The first secondary site is called Jank. Publicly it only hosts the second nameserver. Privately it has an Icinga2 satellite host for monitoring its services. Its router is FI-TRE2, and it’s a physical Juniper SRX300 router. It connects to only FI-TRE1 with a point-to-point IPsec tunnel. Not many people seem to want to do IPsec in DN42, I wonder why.. ;)

Physically this site runs in the very same cluster as the first site, it’s separated only logically with VLANs.

The services

Nameservers

My domain name in DN42 is spans.dn42. I host two authoritative nameservers for it, nicknamed Unix and Epoch. The first one is hosted in the site Kludge, and the other one in the site Jank. I employ a hidden master technique for them, which means both of the public nameservers are actually secondary nameservers. The primary nameserver lives isolated in the private segment in Kludge, so exposure to it from the public network is limited. It cannot even be queried directly; its only purpose is to host the various zones and synchronise them to the two public secondaries. The secondaries don’t have the right to modify the zones, so in the event of their breach (who would be so vile in DN42 anyways..) an attacker wouldn’t have control of the zones.

Each of the nameservers run PowerDNS with the PostgreSQL backend. The hidden primary uses PowerDNS-Admin to modify and control the zones with a web interface.

The private resolvers in each site run PowerDNS’s Recursor.

Monitoring and statistics

In Kludge, there is a centralised Icinga2 instance that acts as a master for all monitoring zones. In each site other than Kludge, there is an Icinga2 satellite host that defines the monitoring zone for that site. Icinga delegates checking for hosts and services in the sites to their respective, and the satellites then report the results back to the Icinga master. This eases the load between the sites, as the master doesn’t have to check each host and service in the sites itself.

For each Linux host, the basic things are monitored; system load, memory use, drive usage. Additionally, for each host their own services are monitored, such as DNS availability for each resolver, and authoritative zone synchronisation between the primary and two secondary nameservers. The actual monitoring happens using the SSH daemon in each host, such that the monitoring instance opens an SSH connection to each host, runs the corresponding plugin and returns its output. This removes the need for separate monitoring agents.

In Kludge, there is a Prometheus instance that gathers metrics from various hosts in the network. These include:

  • Routers in each site. Depending on their type the collection method varies. VM routers use node_exporter just like any other VM, wireguard_exporter for Wireguard metrics and bird_exporter for routing metrics. Physical routers are queried with SNMP.
  • The authoritative PowerDNS server and the PowerDNS Recursor both expose metrics related to their DNS operation. These include incoming queries, answered questions, cache hits, answer latency and so on.
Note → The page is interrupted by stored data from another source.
lemma norm_half_disc_blaschke_sq_mult_Lambda_le_1:
  assumes "r > 0" "0 < \<alpha>" "\<alpha> < 1" "0 < \<beta>" "\<beta> < 1" "0 < \<eta>"
    and z: "z \<in> strip_region (\<alpha> * r) \<eta> Y"
  shows "norm (half_disc_blaschke r z (\<i> * of_real (\<beta> * r)))^2 * Lambda \<alpha> \<beta> \<eta> Y r \<le> 1"
proof -
  from z have z: "norm z \<le> \<alpha> * r" "\<eta> \<le> Im z" "Im z \<le> Y"
    by (auto simp: strip_region_def)
  then have "0 < Y" using assms by linarith
  define A where "A = norm (\<i> * of_real (\<beta> * r) - z)^2"
  define C where "C = norm (of_real (r^2) - cnj z * (\<i> * of_real (\<beta> * r)))^2"
  define k where "k = 4 * (\<beta> * r) * Im z"
  define a where "a = 4 * \<beta> * \<eta> / (\<alpha> + \<beta>)^2 * (1 / r)"
  define b where "b = 4 * Y / (1 - \<alpha>)^2 * (1 / r)"
  have A: "A \<le> ((\<alpha> + \<beta>) * r)^2"
    unfolding A_def using norm_imaginary_minus_sq_le[OF z(1)] assms by simp
  have C: "(r^2 * (1 - \<alpha>))^2 \<le> C"
    unfolding C_def using norm_of_real_minus_mult_imaginary_sq_ge[OF z(1)] assms by simp
  have "a * A \<le> a * ((\<alpha> + \<beta>) * r)^2"
    using A assms by (intro mult_left_mono) (auto simp: a_def)
  also have "\<dots> = 4 * \<beta> * \<eta> * r"
    using assms by (simp add: a_def power_mult_distrib eval_nat_numeral)
  also have "\<dots> \<le> k"
    unfolding k_def using z assms by simp
  finally have aA: "a * A \<le> k" .
  have "\<beta> * Im z \<le> Y"
    using mult_left_le_one_le[of "Im z" \<beta>] z assms by linarith
  then have "r^2 * k \<le> 4 * Y * r^3"
    unfolding k_def using assms by (simp add: power2_eq_square power3_eq_cube)
  also have "\<dots> = b * (r^2 * (1 - \<alpha>))^2"
    using assms by (simp add: b_def power_mult_distrib eval_nat_numeral)
  also have "\<dots> \<le> b * C"
    using C assms \<open>0 < Y\<close> by (intro mult_left_mono) (auto simp: b_def)
  finally have kC: "r^2 * k \<le> b * C" .
  have "A * (C + r^2 * k) / ((A + k) * C) * ((1 + a) / (1 + b)) \<le> 1"
  proof (rule quotient_product_le_1[OF _ _ _ _ _ _ aA kC])
    have "0 < (r^2 * (1 - \<alpha>))^2" using assms by simp
    then show "0 < C" using C by linarith
    have "0 < k" unfolding k_def using z assms by simp
    then show "0 \<le> A" "0 < A + k" "0 \<le> r^2 * k"
      unfolding A_def by (simp_all add: add_nonneg_pos)
    show "0 \<le> a" "0 \<le> b"
      unfolding a_def b_def using assms \<open>0 < Y\<close> by simp_all
  qed
  then show ?thesis
    unfolding norm_half_disc_blaschke_imaginary_sq Lambda_def A_def[symmetric] C_def[symmetric]
      k_def[symmetric] a_def[symmetric] b_def[symmetric]
    by (simp add: mult.assoc)
qed
lemma ratio_antimono_delta_exp:
  fixes T K :: "real set" and N e :: "real \<Rightarrow> real" and k a b :: real
  assumes "closed T" and K: "K = T \<inter> {a..b}" and "a \<in> T" "b \<in> T" "a \<le> b" "k \<ge> 0"
    and e_pos: "\<And>t. t \<in> K \<Longrightarrow> e t > 0"
    and e_der: "\<And>t. t \<in> K \<Longrightarrow> has_delta_derivative T e (k * e t) t"
    and successor: "\<And>t s. t \<in> K \<Longrightarrow> s \<in> K \<Longrightarrow> t < s \<Longrightarrow> \<forall>r\<in>K. t < r \<longrightarrow> s \<le> r \<Longrightarrow>
        N s \<le> N t * (1 + k * (s - t))"
    and right_limit: "\<And>t \<eta>. t \<in> K \<Longrightarrow> t \<in> closure (K \<inter> {t<..}) \<Longrightarrow> \<eta> > 0 \<Longrightarrow>
        \<exists>\<delta>>0. \<forall>s\<in>K. t < s \<and> s < t + \<delta> \<longrightarrow> N s \<le> N t * (1 + k * (s - t)) + \<eta> * (s - t)"
    and left_limit: "\<And>t. t \<in> K \<Longrightarrow> a < t \<Longrightarrow> t \<in> closure (K \<inter> {..<t}) \<Longrightarrow>
        (N \<longlongrightarrow> N t) (at t within K \<inter> {..<t})"
  shows "N b / e b \<le> N a / e a"
proof (rule ratio_antimono[of K a b k e N])
  show "closed K" unfolding K using \<open>closed T\<close> by (intro closed_Int) auto
  show "a \<in> K" "b \<in> K" "K \<subseteq> {a..}" using assms(3-5) K by auto
next
  fix t s assume ts: "t \<in> K" "s \<in> K" "t < s" "\<forall>r\<in>K. t < r \<longrightarrow> s \<le> r"
  have "ts_sigma T t = s" using ts_sigma_slice_successor[OF K ts] .
  then have "e s = e t * (1 + k * (s - t))"
    using has_delta_derivative_at_sigma[OF e_der[OF ts(1)]] ts(1) K
    by (auto simp: algebra_simps)
  then show "N s \<le> N t * (1 + k * (s - t)) \<and> e s = e t * (1 + k * (s - t))"
    using successor[OF ts] by simp
next
  fix t \<eta> :: real assume t: "t \<in> K" "t \<in> closure (K \<inter> {t<..})" and "\<eta> > 0"
  obtain \<delta>1 where "\<delta>1 > 0" and N_step: "\<forall>s\<in>K. t < s \<and> s < t + \<delta>1 \<longrightarrow>
      N s \<le> N t * (1 + k * (s - t)) + \<eta> * (s - t)"
    using right_limit[OF t \<open>\<eta> > 0\<close>] by blast
  obtain \<delta>2 where "\<delta>2 > 0" and e_step: "\<forall>s\<in>T. \<bar>s - t\<bar> < \<delta>2 \<longrightarrow>
      \<bar>e s - e t - k * e t * (s - t)\<bar> \<le> \<eta> * \<bar>s - t\<bar>"
    using has_delta_derivative_right_dense[OF e_der[OF t(1)]
        ts_sigma_slice_right_limit[OF K t(2)] \<open>\<eta> > 0\<close>] by blast
  have "\<forall>s\<in>K. t < s \<and> s < t + min \<delta>1 \<delta>2 \<longrightarrow>
      N s \<le> N t * (1 + k * (s - t)) + \<eta> * (s - t) \<and> \<bar>e s - e t * (1 + k * (s - t))\<bar> \<le> \<eta> * (s - t)"
    using N_step e_step K by (auto simp: algebra_simps)
  then show "\<exists>\<delta>>0. \<forall>s\<in>K. t < s \<and> s < t + \<delta> \<longrightarrow>
      N s \<le> N t * (1 + k * (s - t)) + \<eta> * (s - t) \<and> \<bar>e s - e t * (1 + k * (s - t))\<bar> \<le> \<eta> * (s - t)"
    using \<open>\<delta>1 > 0\<close> \<open>\<delta>2 > 0\<close> by (intro exI[of _ "min \<delta>1 \<delta>2"]) auto
next
  fix t assume t: "t \<in> K" "a < t" "t \<in> closure (K \<inter> {..<t})"
  have "(e \<longlongrightarrow> e t) (at t within K \<inter> {..<t})"
    using has_delta_derivative_imp_tendsto[OF e_der[OF t(1)]] t(1) K
    by (auto intro: tendsto_within_subset)
  then show "(N \<longlongrightarrow> N t) (at t within K \<inter> {..<t}) \<and> (e \<longlongrightarrow> e t) (at t within K \<inter> {..<t})"
    using left_limit[OF t] by simp
qed (use e_pos \<open>k \<ge> 0\<close> in auto)

section \<open>The exponential with constant coefficient\<close>

definition right_scattered :: "real set \<Rightarrow> real set" where
  "right_scattered T = {r\<in>T. r < ts_sigma T r}"

definition jump_defect :: "real \<Rightarrow> real \<Rightarrow> real" where
  "jump_defect k m = k * m - ln (1 + k * m)"

definition jump_defect_sum :: "real set \<Rightarrow> real \<Rightarrow> real \<Rightarrow> real \<Rightarrow> real" where
  "jump_defect_sum T k a b = (\<Sum>\<^sub>\<infinity>r\<in>right_scattered T \<inter> {a..<b}. jump_defect k (ts_sigma T r - r))"

lemma jump_defect_nonneg: "k \<ge> 0 \<Longrightarrow> m \<ge> 0 \<Longrightarrow> 0 \<le> jump_defect k m"
  unfolding jump_defect_def using ln_add_one_self_le_self[of "k * m"] by simp

lemma jump_defect_le_square:
  assumes "k \<ge> 0" and "m \<ge> 0"
  shows "jump_defect k m \<le> (k * m)\<^sup>2"
proof (cases "k * m \<le> 1")
  case True
  then show ?thesis
    using ln_one_plus_pos_lower_bound[of "k * m"] assms by (simp add: jump_defect_def)
next
  case False
  then have "k * m * 1 \<le> k * m * (k * m)" using assms by (intro mult_left_mono) auto
  then have "k * m \<le> (k * m)\<^sup>2" by (simp add: power2_eq_square)
  moreover have "0 \<le> ln (1 + k * m)" using assms by simp
  ultimately show ?thesis by (simp add: jump_defect_def)
qed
The public dashboard displays some of these metrics. It uses a self-signed certificate because I haven’t yet been arsed enough to get a certificate signed by the DN42 CA.

Final words

It’s been quite fun so far messing with the network and its various services in a lab environment. I’m still planning to add more things such as centralised authentication, virtual workstations in the zones, more zones in separate physical locations, and a looking glass I’m writing myself - more about that later? ;)

Oh, did you figure out the hidden theme?